Sensation im Neckertal: Wildschweinjagd in Brunnadern am 24. November 1947
Zu lesen in der Zeitungsausgabe „Der Toggenburger“ vom 24.11.1947:
Letzten Samstagnachmittag um 15.30 Uhr ging der Alarm durchs Dorf, dass ein Wildschwein vom nahen Tössberg her über den Necker geschwommen sei und sich den Weg Richtung Neutoggenburg suche.

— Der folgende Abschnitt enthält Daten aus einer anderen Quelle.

(* Let $n\ge 2$, $h=1/n$, and for $0\le i\le n$ let $\tau_i=-2\sin\frac{i\pi}{2n}$ and $\sigma_i=2\big(2+\cos\frac{i\pi}{n}\big)$. Let $A,D\in\mathbb{R}^{(n-1)\times(n-1)}$ be the tridiagonal matrices with $A_{k,k}=2$, $A_{k,k\pm1}=-1$ and $D_{k,k}=4$, $D_{k,k\pm1}=1$ (other entries zero), and let $B\in\mathbb{R}^{(n-1)\times n}$ have entries $B_{k,k}=-1$, $B_{k,k+1}=1$ ($1\le k\le n-1$), other entries zero. For $0\le j\le n-1$ let $\bm s_j=\big(\sin\frac{j\pi}{n},\dots,\sin\frac{(n-1)j\pi}{n}\big)^{\mathsf T}\in\mathbb{R}^{n-1}$ (so $\bm s_0=\bm 0$) and $\bm c_j=\nu_j\big(\cos\frac{j\pi}{2n},\cos\frac{3j\pi}{2n},\dots,\cos\frac{(2n-1)j\pi}{2n}\big)^{\mathsf T}\in\mathbb{R}^{n}$, with $\nu_0=\frac1{\sqrt2}$ and $\nu_j=1$ for $j\ge1$. Consider the discrete eigenvalue problem: find $\lambda\in\mathbb{R}$ and $(U,V)\in\mathbb{R}^{n\times(n-1)}\times\mathbb{R}^{(n-1)\times n}$, $(U,V)\neq(0,0)$, with $$UA-B^{\mathsf T}VB^{\mathsf T}=\tfrac{h^2}{6}\lambda\,UD,\qquad -BUB+AV=\tfrac{h^2}{6}\lambda\,DV.$$ Then this problem has the following $2n(n-1)$ eigen-solutions, whose eigenvectors $(U,V)$ form a basis of $\mathbb{R}^{n\times(n-1)}\times\mathbb{R}^{(n-1)\times n}$ (a complete eigen-decomposition): (i) $n^2-1$ eigen-solutions satisfying the discrete divergence-free constraint $BUD+DVB^{\mathsf T}=0$: $$\lambda_{i,j}=\frac{6}{h^2}\Big(\frac{\tau_i^2}{\sigma_i}+\frac{\tau_j^2}{\sigma_j}\Big),\quad U_{i,j}=\tau_j\sigma_i\,\bm c_i\bm s_j^{\mathsf T},\quad V_{i,j}=-\tau_i\sigma_j\,\bm s_i\bm c_j^{\mathsf T},$$ for $0\le i,j\le n-1$, $(i,j)\neq(0,0)$; (ii) $(n-1)^2$ (discrete curl-free) eigen-solutions with eigenvalue $0$: $$\lambda=0,\quad U^0_{i,j}=\tau_i\,\bm c_i\bm s_j^{\mathsf T},\quad V^0_{i,j}=\tau_j\,\bm s_i\bm c_j^{\mathsf T},\qquad 1\le i,j\le n-1.$$
   Context: This is the algebraic form of the lowest-order rectangular Nédélec edge-element discretization of the Maxwell eigenvalue problem $\mathrm{curl}\,\mathrm{rot}\,\bm u=\lambda\bm u$ on $[0,1]^2$ with $\bm u\times\bm n=0$ on the boundary, on a uniform $n\times n$ mesh. For column vectors $\bm a,\bm b$, $\bm a\bm b^{\mathsf T}$ denotes the outer product (written $\bm a\otimes\bm b^{\mathsf T}$ in the paper). *)

theory Defs
  imports Complex_Main "Jordan_Normal_Form.Matrix"
begin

Das Tier muss, wie man festgestellt hat, in der Gegend, wo es hergekommen ist, von Hunden gejagt und auch bereits schon durch einen Schuss leicht verwundet gewesen sein.
Unsern bewährten Schützen, Herrn Anton Falk, im Dorf ist es gelungen, das Tier zur Strecke zu bringen. Laut bezirksamtlichem Bescheid kann die Jägerschaft von Brunnadern über die Beute verfügen. Der noch etwas jüngere Eber im Gewicht von ca. 60 kg wurde in die Dorfmetzgerei gebracht, um nach Weidmannsart die inneren Teile aus dem Körper zu beseitigen. Stattdessen hat der besorgte Metzger dem Schwein auch gleich das Fell über die Ohren gezogen, so dass die geschundene Beute für die Leute, die gerne ein Wildschwein gesehen hätten, nun wertlos geworden ist. Dessen ungeachtet kann sich Herr Falk rühmen, wohl der erste Schütze im ganzen Tale zu sein, der ein Wildschein erlegt hat.